● Provided records:
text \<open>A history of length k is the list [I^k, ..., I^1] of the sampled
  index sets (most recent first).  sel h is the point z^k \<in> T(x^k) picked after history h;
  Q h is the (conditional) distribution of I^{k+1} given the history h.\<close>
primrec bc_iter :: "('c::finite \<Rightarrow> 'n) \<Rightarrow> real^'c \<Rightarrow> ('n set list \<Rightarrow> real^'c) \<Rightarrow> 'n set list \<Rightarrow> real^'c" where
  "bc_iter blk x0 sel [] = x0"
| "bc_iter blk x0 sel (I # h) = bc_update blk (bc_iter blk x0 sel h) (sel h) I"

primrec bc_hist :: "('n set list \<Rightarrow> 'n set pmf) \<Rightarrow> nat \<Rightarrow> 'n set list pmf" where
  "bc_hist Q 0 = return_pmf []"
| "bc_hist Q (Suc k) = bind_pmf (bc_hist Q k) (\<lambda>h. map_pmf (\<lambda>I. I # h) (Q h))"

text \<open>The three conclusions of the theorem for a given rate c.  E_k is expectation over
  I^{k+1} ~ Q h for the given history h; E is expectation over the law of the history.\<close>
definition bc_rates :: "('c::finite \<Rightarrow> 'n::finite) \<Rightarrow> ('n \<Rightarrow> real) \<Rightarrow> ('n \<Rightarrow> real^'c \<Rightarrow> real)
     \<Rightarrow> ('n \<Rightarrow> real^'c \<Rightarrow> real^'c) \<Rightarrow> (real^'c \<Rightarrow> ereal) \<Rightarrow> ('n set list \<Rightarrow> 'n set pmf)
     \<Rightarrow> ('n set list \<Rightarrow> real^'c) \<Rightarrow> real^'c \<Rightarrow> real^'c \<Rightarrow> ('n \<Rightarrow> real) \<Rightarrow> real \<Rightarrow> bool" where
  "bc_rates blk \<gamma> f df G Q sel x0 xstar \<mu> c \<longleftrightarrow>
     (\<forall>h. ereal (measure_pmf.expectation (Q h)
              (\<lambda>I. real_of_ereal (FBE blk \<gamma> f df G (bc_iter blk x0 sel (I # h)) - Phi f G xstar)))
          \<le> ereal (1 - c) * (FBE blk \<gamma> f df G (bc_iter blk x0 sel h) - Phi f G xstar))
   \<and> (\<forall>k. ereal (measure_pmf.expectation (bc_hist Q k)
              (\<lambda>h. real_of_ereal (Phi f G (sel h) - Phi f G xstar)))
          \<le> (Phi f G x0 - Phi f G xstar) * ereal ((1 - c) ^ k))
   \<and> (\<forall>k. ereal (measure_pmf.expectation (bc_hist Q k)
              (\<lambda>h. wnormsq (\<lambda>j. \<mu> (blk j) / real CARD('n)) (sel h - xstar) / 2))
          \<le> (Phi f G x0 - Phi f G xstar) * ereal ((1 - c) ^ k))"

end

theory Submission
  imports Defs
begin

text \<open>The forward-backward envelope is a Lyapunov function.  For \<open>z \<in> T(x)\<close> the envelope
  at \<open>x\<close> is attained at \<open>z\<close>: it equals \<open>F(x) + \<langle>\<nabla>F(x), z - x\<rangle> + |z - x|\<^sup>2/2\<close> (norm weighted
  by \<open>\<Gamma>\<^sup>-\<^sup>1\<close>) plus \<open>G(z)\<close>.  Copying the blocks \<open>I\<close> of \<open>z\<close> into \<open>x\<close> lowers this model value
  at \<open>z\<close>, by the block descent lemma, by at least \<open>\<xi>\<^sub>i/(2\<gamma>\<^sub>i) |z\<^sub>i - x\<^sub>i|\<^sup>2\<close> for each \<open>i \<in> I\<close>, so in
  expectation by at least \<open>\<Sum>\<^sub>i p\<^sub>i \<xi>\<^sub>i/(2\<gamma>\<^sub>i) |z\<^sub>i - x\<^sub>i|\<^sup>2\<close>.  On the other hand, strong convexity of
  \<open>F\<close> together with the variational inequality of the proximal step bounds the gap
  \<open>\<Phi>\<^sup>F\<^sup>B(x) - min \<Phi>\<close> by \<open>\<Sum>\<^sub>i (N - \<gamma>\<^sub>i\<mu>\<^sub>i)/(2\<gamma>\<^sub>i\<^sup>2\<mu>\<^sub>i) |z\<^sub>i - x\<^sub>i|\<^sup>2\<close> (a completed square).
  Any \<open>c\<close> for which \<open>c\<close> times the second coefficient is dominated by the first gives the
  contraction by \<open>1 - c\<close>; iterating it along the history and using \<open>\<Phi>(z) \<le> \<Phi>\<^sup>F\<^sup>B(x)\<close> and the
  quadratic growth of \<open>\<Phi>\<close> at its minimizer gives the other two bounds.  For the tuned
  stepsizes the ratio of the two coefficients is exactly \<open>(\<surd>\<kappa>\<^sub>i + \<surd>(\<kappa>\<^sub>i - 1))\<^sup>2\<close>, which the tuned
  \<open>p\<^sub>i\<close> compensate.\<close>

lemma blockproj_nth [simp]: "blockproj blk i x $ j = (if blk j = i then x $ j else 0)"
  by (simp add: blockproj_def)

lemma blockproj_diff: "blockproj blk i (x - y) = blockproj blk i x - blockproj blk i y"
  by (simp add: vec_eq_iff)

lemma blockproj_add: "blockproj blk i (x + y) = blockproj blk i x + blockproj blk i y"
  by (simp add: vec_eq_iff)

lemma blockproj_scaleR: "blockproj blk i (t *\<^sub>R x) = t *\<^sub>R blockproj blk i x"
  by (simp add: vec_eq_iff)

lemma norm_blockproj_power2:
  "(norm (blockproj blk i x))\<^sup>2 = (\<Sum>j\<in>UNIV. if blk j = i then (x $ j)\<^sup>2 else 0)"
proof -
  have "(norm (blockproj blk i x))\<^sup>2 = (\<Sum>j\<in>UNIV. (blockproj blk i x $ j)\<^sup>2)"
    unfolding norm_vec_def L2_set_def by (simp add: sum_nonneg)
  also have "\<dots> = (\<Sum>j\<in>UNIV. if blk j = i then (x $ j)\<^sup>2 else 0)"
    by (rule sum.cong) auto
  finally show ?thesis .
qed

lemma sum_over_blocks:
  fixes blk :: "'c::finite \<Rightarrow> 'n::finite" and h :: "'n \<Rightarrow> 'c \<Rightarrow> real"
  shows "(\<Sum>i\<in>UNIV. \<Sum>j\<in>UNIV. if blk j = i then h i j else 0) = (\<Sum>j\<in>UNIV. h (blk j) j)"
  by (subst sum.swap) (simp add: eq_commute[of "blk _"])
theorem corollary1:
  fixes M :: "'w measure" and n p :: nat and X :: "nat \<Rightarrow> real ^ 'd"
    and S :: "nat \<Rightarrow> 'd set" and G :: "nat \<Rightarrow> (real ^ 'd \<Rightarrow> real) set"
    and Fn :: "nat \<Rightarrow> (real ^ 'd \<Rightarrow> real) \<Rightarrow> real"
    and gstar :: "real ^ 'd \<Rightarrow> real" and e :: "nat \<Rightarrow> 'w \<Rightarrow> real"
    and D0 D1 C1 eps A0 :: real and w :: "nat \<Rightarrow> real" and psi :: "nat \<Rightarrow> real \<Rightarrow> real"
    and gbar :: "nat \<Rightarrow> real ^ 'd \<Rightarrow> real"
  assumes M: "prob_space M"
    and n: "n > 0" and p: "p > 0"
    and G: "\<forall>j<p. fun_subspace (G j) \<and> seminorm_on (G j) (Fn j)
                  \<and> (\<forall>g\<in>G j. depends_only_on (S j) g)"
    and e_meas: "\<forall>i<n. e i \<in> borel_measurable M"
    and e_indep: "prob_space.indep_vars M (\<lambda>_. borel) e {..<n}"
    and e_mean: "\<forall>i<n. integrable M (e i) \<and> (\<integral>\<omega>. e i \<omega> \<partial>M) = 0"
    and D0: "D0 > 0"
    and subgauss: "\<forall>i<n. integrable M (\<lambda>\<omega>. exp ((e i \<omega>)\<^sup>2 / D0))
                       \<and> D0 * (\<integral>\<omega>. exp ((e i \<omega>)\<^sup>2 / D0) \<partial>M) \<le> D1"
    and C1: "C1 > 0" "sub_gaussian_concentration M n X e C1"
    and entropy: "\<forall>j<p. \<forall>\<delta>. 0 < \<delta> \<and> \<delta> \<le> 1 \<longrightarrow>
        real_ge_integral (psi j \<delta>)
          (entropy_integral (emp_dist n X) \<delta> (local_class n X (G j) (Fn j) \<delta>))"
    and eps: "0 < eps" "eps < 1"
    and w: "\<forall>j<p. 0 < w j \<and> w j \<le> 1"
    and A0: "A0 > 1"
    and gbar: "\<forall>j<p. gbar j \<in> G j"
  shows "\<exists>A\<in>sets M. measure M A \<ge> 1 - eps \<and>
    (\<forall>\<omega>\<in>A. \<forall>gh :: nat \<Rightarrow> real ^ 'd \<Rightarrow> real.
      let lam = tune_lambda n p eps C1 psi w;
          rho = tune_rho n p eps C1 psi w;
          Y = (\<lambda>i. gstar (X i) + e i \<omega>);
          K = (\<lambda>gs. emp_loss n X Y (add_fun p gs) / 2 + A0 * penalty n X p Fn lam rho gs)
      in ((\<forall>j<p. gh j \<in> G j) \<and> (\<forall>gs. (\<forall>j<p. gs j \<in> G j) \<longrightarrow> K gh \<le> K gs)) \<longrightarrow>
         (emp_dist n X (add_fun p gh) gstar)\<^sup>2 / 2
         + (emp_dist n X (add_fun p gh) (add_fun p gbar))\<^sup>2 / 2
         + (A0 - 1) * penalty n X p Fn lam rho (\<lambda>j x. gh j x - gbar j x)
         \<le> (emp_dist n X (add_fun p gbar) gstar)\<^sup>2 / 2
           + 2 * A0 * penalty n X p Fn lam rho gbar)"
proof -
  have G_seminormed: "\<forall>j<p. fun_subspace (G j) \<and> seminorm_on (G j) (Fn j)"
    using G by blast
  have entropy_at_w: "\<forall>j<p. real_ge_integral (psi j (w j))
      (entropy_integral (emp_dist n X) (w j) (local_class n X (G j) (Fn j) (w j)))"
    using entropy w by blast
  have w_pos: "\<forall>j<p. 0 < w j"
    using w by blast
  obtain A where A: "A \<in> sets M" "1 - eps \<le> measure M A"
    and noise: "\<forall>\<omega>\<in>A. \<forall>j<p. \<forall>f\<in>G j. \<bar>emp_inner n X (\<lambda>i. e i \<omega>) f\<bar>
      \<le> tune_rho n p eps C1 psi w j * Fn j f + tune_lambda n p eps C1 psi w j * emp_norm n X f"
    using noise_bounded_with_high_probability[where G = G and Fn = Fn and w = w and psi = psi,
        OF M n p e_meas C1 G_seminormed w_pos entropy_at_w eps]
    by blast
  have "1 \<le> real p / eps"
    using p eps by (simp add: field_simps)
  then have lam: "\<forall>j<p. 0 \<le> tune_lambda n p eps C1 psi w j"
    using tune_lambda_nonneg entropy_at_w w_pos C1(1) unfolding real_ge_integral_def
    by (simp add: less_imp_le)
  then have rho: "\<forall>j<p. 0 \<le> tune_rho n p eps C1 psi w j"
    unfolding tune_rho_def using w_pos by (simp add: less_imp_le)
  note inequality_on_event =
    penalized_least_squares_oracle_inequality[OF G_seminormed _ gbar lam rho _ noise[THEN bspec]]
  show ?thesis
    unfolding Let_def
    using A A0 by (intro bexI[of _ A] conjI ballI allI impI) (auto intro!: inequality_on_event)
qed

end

● What the task asks:
Transcribe the records above exactly, beginning at the line that contains "index sets (most" and ending with the line that contains "Q h is the (conditional)", both included, and nothing else.

● Output of the task:
  index sets (most recent first).  sel h is the point z^k \<in> T(x^k) picked after history h;
  Q h is the (conditional) distribution of I^{k+1} given the history h.\<close>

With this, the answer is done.